Zengi's son, Nur ad-Din, continued his father's campaigns, gradually unifying Muslim Syria and presenting himself as the champion of Islam against the crusaders. He intervened in Egypt, where the Fatimid Caliphate was collapsing, sending his general Shirkuh and Shirkuh's nephew Saladin to prevent the crusaders from conquering Egypt. This intervention would have momentous consequences.

The Second and Third Crusades

The fall of Edessa in 1144 prompted calls for a new crusade. Pope Eugenius III issued a crusading bull, and Bernard of Clairvaux preached the crusade throughout Europe, inspiring King Louis VII of France and King Conrad III of Germany to take the cross. The Second Crusade (1147–1149) was the first to be led by kings, raising expectations for its success.

It proved to be a disaster. The German army was largely destroyed by Seljuk forces in Anatolia. The French army reached the Holy Land but achieved little. A planned attack on Damascus — a Muslim city that had been neutral or even friendly toward the crusaders — was poorly conceived and quickly abandoned. The crusade's failure raised questions about whether God truly favored the crusading enterprise.
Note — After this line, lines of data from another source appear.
(* Let $\ell\in\{-1,1\}^n$, $L=\ell\ell^T$, and $A=\lambda\ell\ell^T/\sqrt n+E$, where $E$ has i.i.d. $N(0,1)$ entries. Let $\kappa$ be a real parameter and $K$ a parameter with $\lambda,K\ge10^2$. Let $\theta=e^{-\lambda^2/2+2K\lambda+3\kappa}$. Then with probability at least $1-e^{-10\kappa}$, for all $x_1,\dots,x_n\in[0,1]$ with $x_1+\dots+x_n\le0.1n$, \[ \langle A\odot L,X\rangle\ge\big(K(x_1+\dots+x_n)-\theta n\big)\sqrt n-10^4\sqrt n\max(0,\kappa-\lambda), \] where $X$ is the $n\times n$ matrix with $X_{ij}=x_i$.
   Context: $\odot$ is the entrywise product and $\langle X,Y\rangle=\sum_{ij}X_{ij}Y_{ij}$. *)

theory Defs
  imports "HOL-Probability.Probability"
begin

definition gauss_matrix_space :: "nat \<Rightarrow> (nat \<times> nat \<Rightarrow> real) measure" where
  "gauss_matrix_space n = PiM ({..<n} \<times> {..<n}) (\<lambda>_. std_normal_distribution)"

definition frob :: "nat \<Rightarrow> (nat \<Rightarrow> nat \<Rightarrow> real) \<Rightarrow> (nat \<Rightarrow> nat \<Rightarrow> real) \<Rightarrow> real" where
  "frob n X Y = (\<Sum>i<n. \<Sum>j<n. X i j * Y i j)"

definition hadamard :: "(nat \<Rightarrow> nat \<Rightarrow> real) \<Rightarrow> (nat \<Rightarrow> nat \<Rightarrow> real) \<Rightarrow> (nat \<Rightarrow> nat \<Rightarrow> real)" where
  "hadamard X Y = (\<lambda>i j. X i j * Y i j)"

end

theory Submission imports Defs begin

text \<open>Since the entries of L are \<open>\<plusminus>1\<close>, \<open>\<langle>A \<odot> L, X\<rangle> = sqrt n * \<Sum>\<^sub>i x\<^sub>i (\<lambda> + g\<^sub>i)\<close> where
  \<open>g\<^sub>i = \<Sum>\<^sub>j ell\<^sub>i ell\<^sub>j E\<^sub>i\<^sub>j / sqrt n\<close> are independent standard Gaussians. For \<open>x\<^sub>i \<in> [0,1]\<close>,
  \<open>x\<^sub>i (\<lambda> + g\<^sub>i) \<ge> K x\<^sub>i - max 0 (K - \<lambda> - g\<^sub>i)\<close>, so it suffices that the shortfall
  \<open>H = \<Sum>\<^sub>i max 0 (K - \<lambda> - g\<^sub>i)\<close> stays below \<open>\<theta> n + 10^4 max 0 (\<kappa> - \<lambda>)\<close> outside an
  event of probability \<open>exp (-10 \<kappa>)\<close>.
  Both tail bounds use the Gaussian moment generating function: the expectation of
  \<open>exp (\<lambda> (K - \<lambda> - g\<^sub>i))\<close> is \<open>exp (K \<lambda> - \<lambda>\<^sup>2 / 2) = \<theta> exp (- K \<lambda> - 3 \<kappa>)\<close>:
  for \<open>\<kappa> < 2 \<lambda>\<close> Markov's inequality with \<open>max 0 u \<le> exp (\<lambda> u) / \<lambda>\<close> suffices, and for
  \<open>\<kappa> \<ge> 2 \<lambda>\<close> a Chernoff bound with \<open>exp (\<lambda> max 0 u) \<le> exp (\<lambda> u) + 1\<close>.\<close>

lemma nn_integral_std_normal_exp:
  "(\<integral>\<^sup>+x. ennreal (exp (a * x)) \<partial>std_normal_distribution) = ennreal (exp (a^2 / 2))"
proof -
  have shift: "std_normal_density x * exp (a * x) = exp (a^2 / 2) * normal_density a 1 x" for x
  proof -
    have "- (x^2) / 2 + a * x = a^2 / 2 + (- ((x - a)^2) / 2)"
      by (simp add: power2_eq_square field_simps)
    then show ?thesis
      unfolding normal_density_def by (simp add: exp_add[symmetric] mult.assoc)
  qed
  have "(\<integral>\<^sup>+x. ennreal (exp (a * x)) \<partial>std_normal_distribution)
      = (\<integral>\<^sup>+x. ennreal (exp (a^2 / 2)) * ennreal (normal_density a 1 x) \<partial>lborel)"
    by (subst nn_integral_density) (auto simp: ennreal_mult[symmetric] shift)
  also have "\<dots> = ennreal (exp (a^2 / 2)) * (\<integral>\<^sup>+x. ennreal (normal_density a 1 x) \<partial>lborel)"
    by (subst nn_integral_cmult) auto
  also have "(\<integral>\<^sup>+x. ennreal (normal_density a 1 x) \<partial>lborel) = 1"
    by (subst nn_integral_eq_integral) auto
  finally show ?thesis by simp
qed

lemma product_prob_space_std_normal:
  "product_prob_space (\<lambda>_::'i. std_normal_distribution)"
  unfolding product_prob_space_def product_prob_space_axioms_def product_sigma_finite_def
  using real_dist_normal_dist by (simp add: real_distribution_def prob_space_imp_sigma_finite)

lemma nn_integral_PiM_std_normal_exp_sum:
  fixes I :: "'i set"
  assumes "finite I"
  shows "(\<integral>\<^sup>+E. ennreal (exp (\<Sum>p\<in>I. a p * E p)) \<partial>PiM I (\<lambda>_. std_normal_distribution))
       = ennreal (exp (\<Sum>p\<in>I. (a p)^2 / 2))"
proof -
  interpret product_prob_space "\<lambda>_::'i. std_normal_distribution"
    by (rule product_prob_space_std_normal)
  have "(\<integral>\<^sup>+E. ennreal (exp (\<Sum>p\<in>I. a p * E p)) \<partial>PiM I (\<lambda>_. std_normal_distribution))
      = (\<integral>\<^sup>+E. (\<Prod>p\<in>I. ennreal (exp (a p * E p))) \<partial>PiM I (\<lambda>_. std_normal_distribution))"
    using assms by (simp add: exp_sum prod_ennreal)
  also have "\<dots> = (\<Prod>p\<in>I. \<integral>\<^sup>+x. ennreal (exp (a p * x)) \<partial>std_normal_distribution)"
    using assms by (intro product_nn_integral_prod) auto
  also have "\<dots> = ennreal (exp (\<Sum>p\<in>I. (a p)^2 / 2))"
    using assms by (simp add: nn_integral_std_normal_exp prod_ennreal exp_sum)
  finally show ?thesis .
qed

lemma prob_space_gauss_matrix_space: "prob_space (gauss_matrix_space n)"
  unfolding gauss_matrix_space_def
  by (rule prob_space_PiM) (use real_dist_normal_dist in \<open>simp add: real_distribution_def\<close>)

definition signed_row_sum :: "nat \<Rightarrow> (nat \<Rightarrow> real) \<Rightarrow> (nat \<times> nat \<Rightarrow> real) \<Rightarrow> nat \<Rightarrow> real" where
  "signed_row_sum n ell E i = (\<Sum>j<n. ell i * ell j * E (i, j)) / sqrt (real n)"

lemma measurable_signed_row_sum:
  assumes "i < n"
  shows "(\<lambda>E. signed_row_sum n ell E i) \<in> borel_measurable (gauss_matrix_space n)"
proof -
  have "(\<lambda>E. E p) \<in> borel_measurable (gauss_matrix_space n)" if "p \<in> {..<n} \<times> {..<n}" for p
    unfolding gauss_matrix_space_def
    using measurable_component_singleton[OF that, of "\<lambda>_. std_normal_distribution"]
    by (simp cong: measurable_cong_sets)
  then show ?thesis
    unfolding signed_row_sum_def using assms
    by (intro borel_measurable_divide borel_measurable_sum borel_measurable_times
        borel_measurable_const) auto
qed

lemma nn_integral_prod_exp_signed_row_sum:
  assumes n: "n > 0" and ell: "\<forall>i<n. ell i \<in> {-1, 1}" and B: "B \<subseteq> {..<n}"
  shows "(\<integral>\<^sup>+E. ennreal (\<Prod>i\<in>B. exp (s * (c - signed_row_sum n ell E i))) \<partial>gauss_matrix_space n)
       = ennreal (exp ((s * c + s^2 / 2) * card B))"
proof -
  define I where "I = {..<n} \<times> {..<n}"
  define a where "a p = (if fst p \<in> B then - s * ell (fst p) * ell (snd p) / sqrt n else 0)"
    for p :: "nat \<times> nat"
  have finite_I: "finite I" by (simp add: I_def)
  have finB: "finite B" using B finite_subset by blast
  have sum_I: "(\<Sum>p\<in>I. f p) = (\<Sum>i\<in>B. \<Sum>j<n. f (i, j))"
    if "\<And>p. fst p \<notin> B \<Longrightarrow> f p = 0" for f :: "nat \<times> nat \<Rightarrow> real"
  proof -
    have "(\<Sum>p\<in>I. f p) = (\<Sum>p\<in>B \<times> {..<n}. f p)"
      using B that by (intro sum.mono_neutral_right) (fastforce simp: I_def)+
    then show ?thesis by (simp add: sum.cartesian_product)
  qed
  have linear: "(\<Sum>p\<in>I. a p * E p) = (\<Sum>i\<in>B. - s * signed_row_sum n ell E i)" for E
    by (subst sum_I) (auto simp: a_def signed_row_sum_def sum_distrib_left sum_divide_distrib mult.assoc)
  have square: "(\<Sum>p\<in>I. (a p)^2 / 2) = card B * (s^2 / 2)"
  proof -
    have "(a (i, j))^2 / 2 = s^2 / (2 * n)" if "i \<in> B" "j < n" for i j
    proof -
      have "(ell i)^2 = 1" "(ell j)^2 = 1" using ell B that by auto
      then show ?thesis using that by (simp add: a_def power_mult_distrib power_divide)
    qed
    then have "(\<Sum>p\<in>I. (a p)^2 / 2) = (\<Sum>i\<in>B. \<Sum>j<n. s^2 / (2 * n))"
      by (subst sum_I) (auto simp: a_def)
    then show ?thesis using n by simp
  qed
  have split: "(\<Prod>i\<in>B. exp (s * (c - signed_row_sum n ell E i)))
             = exp (s * c * card B) * exp (\<Sum>p\<in>I. a p * E p)" for E
  proof -
    have "(\<Sum>i\<in>B. s * (c - signed_row_sum n ell E i))
        = s * c * card B + (\<Sum>i\<in>B. - s * signed_row_sum n ell E i)"
      by (simp add: sum.distrib right_diff_distrib sum_subtractf sum_negf)
    then show ?thesis
      using finB by (simp add: linear exp_sum[symmetric] exp_add[symmetric])
  qed
  have "(\<integral>\<^sup>+E. ennreal (\<Prod>i\<in>B. exp (s * (c - signed_row_sum n ell E i))) \<partial>gauss_matrix_space n)
      = ennreal (exp (s * c * card B)) *
        (\<integral>\<^sup>+E. ennreal (exp (\<Sum>p\<in>I. a p * E p)) \<partial>PiM I (\<lambda>_. std_normal_distribution))"
    unfolding split gauss_matrix_space_def I_def
    by (subst nn_integral_cmult[symmetric]) (auto simp: ennreal_mult)
  also have "\<dots> = ennreal (exp ((s * c + s^2 / 2) * card B))"
    unfolding nn_integral_PiM_std_normal_exp_sum[OF finite_I] square
    by (simp add: ennreal_mult[symmetric] exp_add[symmetric] algebra_simps)
  finally show ?thesis .
qed

definition row_shortfall :: "nat \<Rightarrow> (nat \<Rightarrow> real) \<Rightarrow> real \<Rightarrow> (nat \<times> nat \<Rightarrow> real) \<Rightarrow> real" where
  "row_shortfall n ell c E = (\<Sum>i<n. max 0 (c - signed_row_sum n ell E i))"

lemma row_shortfall_nonneg: "row_shortfall n ell c E \<ge> 0"
  by (simp add: row_shortfall_def sum_nonneg)

lemma measurable_row_shortfall:
  "(\<lambda>E. row_shortfall n ell c E) \<in> borel_measurable (gauss_matrix_space n)"
  unfolding row_shortfall_def
  by (intro borel_measurable_sum borel_measurable_max borel_measurable_const
      borel_measurable_diff measurable_signed_row_sum) auto

lemma max_zero_le_exp_divide:
  assumes "0 < s"
  shows "max 0 u \<le> exp (s * u) / (s::real)"
proof -
  have "s * u \<le> exp (s * u)" using exp_ge_add_one_self[of "s * u"] by linarith
  then show ?thesis using assms by (simp add: field_simps)
qed

lemma exp_mult_max_zero_le: "exp (s * max 0 u) \<le> exp (s * u) + (1::real)"
  by (cases "u \<le> 0") (auto simp: max_def)

lemma nn_integral_row_shortfall_le:
  assumes n: "n > 0" and ell: "\<forall>i<n. ell i \<in> {-1, 1}" and s: "s > 0"
  shows "(\<integral>\<^sup>+E. ennreal (row_shortfall n ell c E) \<partial>gauss_matrix_space n)
       \<le> ennreal (n * exp (s * c + s^2 / 2) / s)"
proof -
  let ?M = "gauss_matrix_space n"
  let ?f = "\<lambda>i E. ennreal (exp (s * (c - signed_row_sum n ell E i)))"
  have "(\<integral>\<^sup>+E. ennreal (row_shortfall n ell c E) \<partial>?M) \<le> (\<integral>\<^sup>+E. (\<Sum>i<n. ennreal (1 / s) * ?f i E) \<partial>?M)"
  proof (rule nn_integral_mono)
    fix E
    have "row_shortfall n ell c E \<le> (\<Sum>i<n. 1 / s * exp (s * (c - signed_row_sum n ell E i)))"
      unfolding row_shortfall_def
      by (intro sum_mono) (use max_zero_le_exp_divide[OF s] in simp)
    then show "ennreal (row_shortfall n ell c E) \<le> (\<Sum>i<n. ennreal (1 / s) * ?f i E)"
      using s by (simp add: ennreal_leI sum_ennreal ennreal_mult[symmetric])
  qed
  also have "\<dots> = (\<Sum>i<n. ennreal (1 / s) * (\<integral>\<^sup>+E. ?f i E \<partial>?M))"
  proof -
    have [measurable]: "(\<lambda>E. signed_row_sum n ell E i) \<in> borel_measurable ?M" if "i < n" for i
      using that by (rule measurable_signed_row_sum)
    show ?thesis
      by (subst nn_integral_sum) (auto intro!: sum.cong nn_integral_cmult)
  qed
  also have "\<dots> = (\<Sum>i<n. ennreal (1 / s) * ennreal (exp (s * c + s^2 / 2)))"
    using nn_integral_prod_exp_signed_row_sum[OF n ell, of "{_}" s c] by simp
  also have "\<dots> = ennreal (n * exp (s * c + s^2 / 2) / s)"
    using s by (simp add: ennreal_mult[symmetric] ennreal_of_nat_eq_real_of_nat)
  finally show ?thesis .
qed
The Third Crusade (1189–1192) was prompted by a far greater catastrophe: Saladin's conquest of Jerusalem in 1187. Saladin, who had unified Egypt and Syria under his rule, decisively defeated the crusader army at the Battle of Hattin in July 1187, capturing King Guy of Jerusalem and many other crusader nobles. With crusader military power broken, Saladin systematically conquered crusader territories, culminating in the capture of Jerusalem in October 1187. Unlike the crusaders' massacre in 1099, Saladin allowed the city's Christian inhabitants to ransom themselves or leave peacefully — an act that enhanced his reputation in both the Islamic world and Europe.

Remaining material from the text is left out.